Il revint en 1971 dans l’inoubliable mano a mano face à Paquirri qui ouvrit à Béziers la prodigieuse carrière du torero de Barbate. Paco Camino, excellent, avait dû affronter un sobrero inintéressant.

Rapidement, j’ai eu et je la garde encore, une profonde admiration pour le torero de Camas qui représentait « l’art naturel » dans son comportement face au toro. C’était un grand styliste au capote où ses chicuelinas sont restées les plus pures et devraient être un exemple pour la jeune génération.

Sa muleta était simple et magnifique à la fois, notamment de la main gauche. Nous ne pouvons oublier l’exécution pure de ses estocades qui concluaient ses faenas templées et dominatrices avec une prodigieuse facilité.

Sa tauromachie ne cherchait pas d’effets spectaculaires car elle restait douce et authentique sans jamais être ennuyeuse, comme le sont trop souvent les faenas dans ce cas-là. Elle avait du cachet, de l’élégance et une distinction particulière. Cela nous fait comprendre que Paco soit sorti 12 fois en triomphe des arènes madrilènes de Las Ventas lui qui fut déjà à 23 ans en tête de l’escalafon européen des matadors de toros. Ce fut aussi l’enfant chéri de l’aficion du Mexique avec des triomphes inoubliables tant à la Mejico qu’à Querétaro où il toréa 11 fois entre 1976 et 1978. Il faut noter aussi qu’il était plus apprécié dans les plazas de Madrid et Bilbao que dans celle de Séville.

J’ai vu toréer plus souvent Paco Camino lors de déplacements en Espagne où le fameux trio Puerta/Camino/El Viti était annoncé dans tous les arènes de catégorie, sans oublier la France. Ces trois toreros nous montraient des critères différents de leur tauromachie. Malgré la majesté de Santiago Martin de Vitigudino, Paco sut maintenir sa personnalité inégalable qui s’appuyait sur la simplicité et la pureté de son art alors que Puerta « Diego Valor » les accompagnait avec son courage et sa détermination.

La tauromachie de Paco Camino était marquée par l’Honor (l’Honneur) et la Honra (Dignité) qui ne s’ajoutent pas toujours au courage indispensable à tous les toreros.

Le chroniqueur taurin du Midi Libre des années 50 à 80, Fernand Lapeyrère qui signait Don Fernando, me raconta une soirée à Séville dans les salons du matador de toros américain John Fulton : un critique taurin fameux parlant avec Paco Camino lui déclara « mais Paco, si tu avais voulu, tu serais le Numero Uno ». Le torero réagit avec stupeur à cette question avec un visage étonné et répondit « Don… mais je n’ai jamais voulu être le Numero Uno ». Il voulait simplement faire sa tauromachie avec ambition mais sans rechercher de polémique avec ses compagnons de ruedos ni sans faire le buzz comme on dirait maintenant.
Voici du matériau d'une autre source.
(* Let $Y=\mu^*(L^* )^T+E$ where $E\in\mathbb{R}^{p\times n}$ has independent standard normal entries, and define the constrained maximum likelihood estimator $$(\widehat{\mu},\widehat{L})\in\operatorname*{argmin}_{(\mu,L)\in\Theta_K}\|Y-\mu L^T\|_F^2,\qquad \Theta_K=\{(\mu,L):\mu\in\mathbb{R}^{p\times K},\,L\in\mathcal{L}_K,\,|\mathrm{supp}(\mu)|\le s\}.$$ Assume $K\log n\lesssim\log p$ and $p/n\to\infty$. Then there is a constant $c>0$ such that $$\sup_{(\mu^*,L^* )\in\Theta^*_K}\mathbb{E}_*\left\{\|\mu^*(L^* )^T-\widehat{\mu}\widehat{L}^T\|_F^2\right\}\le c\,(n\log K+s\log p).$$
   Context: Setting: $n,p,s,K$ are positive integers, $p=p_n$, $s=s_n\to\infty$ and possibly $K=K_n$ depend on $n$, and asymptotics are as $n\to\infty$; $a\lesssim b$ means $a\le C'b$ for a constant $C'>0$ independent of $n$. $\mathcal{L}_K$ is the set of $n\times K$ matrices $L=[l_1,\dots,l_n]^T$ with each row $l_i\in\{0,1\}^K$ having exactly one entry equal to $1$ (cluster-assignment matrices). For $\mu=[\mu_1,\dots,\mu_K]\in\mathbb{R}^{p\times K}$, $\mathrm{supp}(\mu)$ is the set of indices of the nonzero rows of $\mu$. The parameter space is $\Theta^*_K=\{(\mu,L):\mu\in\mathbb{R}^{p\times K},\,L\in\mathcal{L}_K,\,|\mathrm{supp}(\mu)|\le s,\ \|\mu L^T\|_F^2\le C_0 sn,\ \min_{k\ne k'}\|\mu_k-\mu_{k'}\|_2\ge c_0\}$ for fixed constants $C_0,c_0>0$. $\mathbb{E}_*$ denotes expectation when the data are generated with parameter $(\mu^*,L^* )$. *)

theory Defs
  imports "HOL-Probability.Probability"
begin

text \<open>Matrices are represented as functions nat => nat => real with explicit
index bounds. mu is p x K (mu j k, j<p, k<K); L is n x K (L i k, i<n, k<K).\<close>

definition fitted :: "nat \<Rightarrow> (nat \<Rightarrow> nat \<Rightarrow> real) \<Rightarrow> (nat \<Rightarrow> nat \<Rightarrow> real) \<Rightarrow> nat \<Rightarrow> nat \<Rightarrow> real" where
  "fitted K mu L = (\<lambda>j i. \<Sum>k<K. mu j k * L i k)"

definition frob2 :: "nat \<Rightarrow> nat \<Rightarrow> (nat \<Rightarrow> nat \<Rightarrow> real) \<Rightarrow> real" where
  "frob2 p n A = (\<Sum>j<p. \<Sum>i<n. (A j i)\<^sup>2)"

definition assign_mat :: "nat \<Rightarrow> nat \<Rightarrow> (nat \<Rightarrow> nat \<Rightarrow> real) \<Rightarrow> bool" where
  "assign_mat n K L \<longleftrightarrow>
     (\<forall>i<n. (\<forall>k<K. L i k = 0 \<or> L i k = 1) \<and> card {k. k < K \<and> L i k = 1} = 1)"

definition supp_rows :: "nat \<Rightarrow> nat \<Rightarrow> (nat \<Rightarrow> nat \<Rightarrow> real) \<Rightarrow> nat set" where
  "supp_rows p K mu = {j. j < p \<and> (\<exists>k<K. mu j k \<noteq> 0)}"

definition ThetaK :: "nat \<Rightarrow> nat \<Rightarrow> nat \<Rightarrow> nat \<Rightarrow> ((nat \<Rightarrow> nat \<Rightarrow> real) \<times> (nat \<Rightarrow> nat \<Rightarrow> real)) set" where
  "ThetaK n p s K = {(mu, L). assign_mat n K L \<and> card (supp_rows p K mu) \<le> s}"

definition ThetaStar :: "real \<Rightarrow> real \<Rightarrow> nat \<Rightarrow> nat \<Rightarrow> nat \<Rightarrow> nat \<Rightarrow>
    ((nat \<Rightarrow> nat \<Rightarrow> real) \<times> (nat \<Rightarrow> nat \<Rightarrow> real)) set" where
  "ThetaStar C0 c0 n p s K = {(mu, L). (mu, L) \<in> ThetaK n p s K
      \<and> frob2 p n (fitted K mu L) \<le> C0 * real s * real n
      \<and> (\<forall>k<K. \<forall>k'<K. k \<noteq> k' \<longrightarrow> sqrt (\<Sum>j<p. (mu j k - mu j k')\<^sup>2) \<ge> c0)}"

definition noise :: "nat \<Rightarrow> nat \<Rightarrow> (nat \<times> nat \<Rightarrow> real) measure" where
  "noise p n = PiM ({..<p} \<times> {..<n}) (\<lambda>_. density lborel std_normal_density)"

definition observe :: "nat \<Rightarrow> (nat \<Rightarrow> nat \<Rightarrow> real) \<Rightarrow> (nat \<Rightarrow> nat \<Rightarrow> real) \<Rightarrow> (nat \<times> nat \<Rightarrow> real)
    \<Rightarrow> nat \<Rightarrow> nat \<Rightarrow> real" where
  "observe K mu L E = (\<lambda>j i. fitted K mu L j i + E (j, i))"

definition is_cmle :: "nat \<Rightarrow> nat \<Rightarrow> nat \<Rightarrow> nat \<Rightarrow>
    ((nat \<Rightarrow> nat \<Rightarrow> real) \<Rightarrow> (nat \<Rightarrow> nat \<Rightarrow> real) \<times> (nat \<Rightarrow> nat \<Rightarrow> real)) \<Rightarrow> bool" where
  "is_cmle n p s K est \<longleftrightarrow> (\<forall>Y. est Y \<in> ThetaK n p s K \<and>
     (\<forall>(mu, L) \<in> ThetaK n p s K.
        frob2 p n (\<lambda>j i. Y j i - fitted K (fst (est Y)) (snd (est Y)) j i)
          \<le> frob2 p n (\<lambda>j i. Y j i - fitted K mu L j i)))"

definition risk_loss :: "nat \<Rightarrow> nat \<Rightarrow> nat \<Rightarrow>
    ((nat \<Rightarrow> nat \<Rightarrow> real) \<Rightarrow> (nat \<Rightarrow> nat \<Rightarrow> real) \<times> (nat \<Rightarrow> nat \<Rightarrow> real)) \<Rightarrow>
    (nat \<Rightarrow> nat \<Rightarrow> real) \<Rightarrow> (nat \<Rightarrow> nat \<Rightarrow> real) \<Rightarrow> (nat \<times> nat \<Rightarrow> real) \<Rightarrow> real" where
  "risk_loss n p K est mu L E =
     (let est_val = est (observe K mu L E) in
      frob2 p n (\<lambda>j i. fitted K mu L j i - fitted K (fst est_val) (snd est_val) j i))"

end

theory Submission
  imports Defs
begin

text \<open>Write \<open>\<theta>\<^sup>*\<close> for \<open>\<mu>\<^sup>* L\<^sup>*\<^sup>T\<close> and \<open>\<theta>\<close> for the fitted matrix of the estimator. Feasibility of
  \<open>(\<mu>\<^sup>*, L\<^sup>*)\<close> gives the basic inequality \<open>\<parallel>\<theta> - \<theta>\<^sup>*\<parallel>\<^sup>2 \<le> 2 \<langle>E, \<theta> - \<theta>\<^sup>*\<rangle>\<close>. Every \<open>\<mu> L\<^sup>T\<close> with
  \<open>(\<mu>, L) \<in> \<Theta>\<^sub>K\<close> lies in one of at most \<open>(p + 1)\<^sup>s K\<^sup>n\<close> subspaces of dimension \<open>\<le> s K\<close>, indexed by a
  row support and a labelling. Splitting \<open>\<theta> - \<theta>\<^sup>*\<close> along the subspace containing \<open>\<theta>\<close> bounds the loss
  by the squared norm of the projected noise plus the squared noise component in one direction that
  depends only on \<open>\<theta>\<^sup>*\<close> and the subspace. A union bound through exponential moments,
  \<open>E exp (\<chi>\<^sup>2\<^sub>d / 4) = \<surd>2\<^sup>d\<close>, turns the logarithm of the number of subspaces, plus \<open>s K\<close>, into the
  risk bound; the hypothesis \<open>K log n \<lesssim> log p\<close> absorbs \<open>s K\<close> into \<open>s log p\<close>.\<close>

section \<open>Inner products on finite index sets\<close>

definition inner_on :: "'i set \<Rightarrow> ('i \<Rightarrow> real) \<Rightarrow> ('i \<Rightarrow> real) \<Rightarrow> real" where
  "inner_on I a c = (\<Sum>x\<in>I. a x * c x)"

definition proj_on :: "'i set \<Rightarrow> 'r set \<Rightarrow> ('r \<Rightarrow> 'i \<Rightarrow> real) \<Rightarrow> ('i \<Rightarrow> real) \<Rightarrow> 'i \<Rightarrow> real" where
  "proj_on I R b z = (\<lambda>x. \<Sum>r\<in>R. inner_on I z (b r) * b r x)"

definition orthonormal_on :: "'i set \<Rightarrow> 'r set \<Rightarrow> ('r \<Rightarrow> 'i \<Rightarrow> real) \<Rightarrow> bool" where
  "orthonormal_on I R b \<longleftrightarrow>
     (\<forall>r\<in>R. \<forall>t\<in>R. inner_on I (b r) (b t) = (if r = t then 1 else 0))"

lemma inner_on_commute: "inner_on I a c = inner_on I c a"
  by (simp add: inner_on_def mult.commute)

lemma inner_on_diff_left: "inner_on I (\<lambda>x. a x - c x) e = inner_on I a e - inner_on I c e"
  unfolding inner_on_def by (simp add: sum_subtractf[symmetric] left_diff_distrib)

lemma inner_on_cong:
  "(\<And>x. x \<in> I \<Longrightarrow> a x = a' x) \<Longrightarrow> (\<And>x. x \<in> I \<Longrightarrow> c x = c' x) \<Longrightarrow> inner_on I a c = inner_on I a' c'"
  by (simp add: inner_on_def)

lemma inner_on_self_nonneg: "inner_on I a a \<ge> 0"
  by (simp add: inner_on_def sum_nonneg)

lemma inner_on_diff_diff:
  "inner_on I (\<lambda>x. a x - c x) (\<lambda>x. a x - c x) = inner_on I a a - 2 * inner_on I a c + inner_on I c c"
proof -
  have "inner_on I (\<lambda>x. a x - c x) (\<lambda>x. a x - c x) = (\<Sum>x\<in>I. (a x * a x + c x * c x) - 2 * (a x * c x))"
    unfolding inner_on_def by (intro sum.cong refl) (simp add: algebra_simps)
  then show ?thesis
    unfolding inner_on_def by (simp add: sum_subtractf sum.distrib sum_distrib_left[symmetric])
qed

lemma cauchy_schwarz_inner_on: "(inner_on I a c)\<^sup>2 \<le> inner_on I a a * inner_on I c c"
  unfolding inner_on_def using Cauchy_Schwarz_ineq_sum[of a c I] by (simp add: power2_eq_square)

lemma inner_on_proj_on:
  assumes "finite R"
  shows "inner_on I (proj_on I R b z) y = (\<Sum>r\<in>R. inner_on I z (b r) * inner_on I (b r) y)"
proof -
  have "inner_on I (proj_on I R b z) y = (\<Sum>x\<in>I. \<Sum>r\<in>R. inner_on I z (b r) * (b r x * y x))"
    unfolding inner_on_def proj_on_def by (simp add: sum_distrib_right mult.assoc)
  also have "\<dots> = (\<Sum>r\<in>R. inner_on I z (b r) * inner_on I (b r) y)"
    by (subst sum.swap) (simp add: inner_on_def sum_distrib_left)
  finally show ?thesis .
qed

lemma inner_on_proj_on_basis:
  assumes "finite R" "orthonormal_on I R b" "t \<in> R"
  shows "inner_on I (proj_on I R b z) (b t) = inner_on I z (b t)"
proof -
  have "inner_on I (proj_on I R b z) (b t) = (\<Sum>r\<in>R. if r = t then inner_on I z (b r) else 0)"
    using assms unfolding inner_on_proj_on[OF assms(1)] orthonormal_on_def by (intro sum.cong) auto
  then show ?thesis using assms by (simp add: sum.delta')
qed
Oui, je peux dire que Paco Camino a été un torero d’époque. Il avait le sens des responsabilités et acceptait parfois d’affronter des toros moins recherchés. Ce fut le cas notamment des élevages d’origine Santa Coloma, Buendia, Hernandez Pla… Je me rappelle que dans une feria de Bilbao, Paco Camino se laissa annoncer devant les Miura. Le matin, on signala la présence dans les corrales, bien connus des aficionados français, d’un toro de Zahariche de 701 kg que le sorteo attribua à Paco pour être combattu. Je revois encore dans le patio de cuadrillas de la plaza Vistalegre de Bilbao le banderillero Joaquim Camino, son frère, l’aidant à mettre sa cape de paseo. Bien entendu il paraissait très concentré, plutôt figé. Il resta digne et maître du jeu malgré la médiocrité de l’énorme Miura (surtout à cette époque-là).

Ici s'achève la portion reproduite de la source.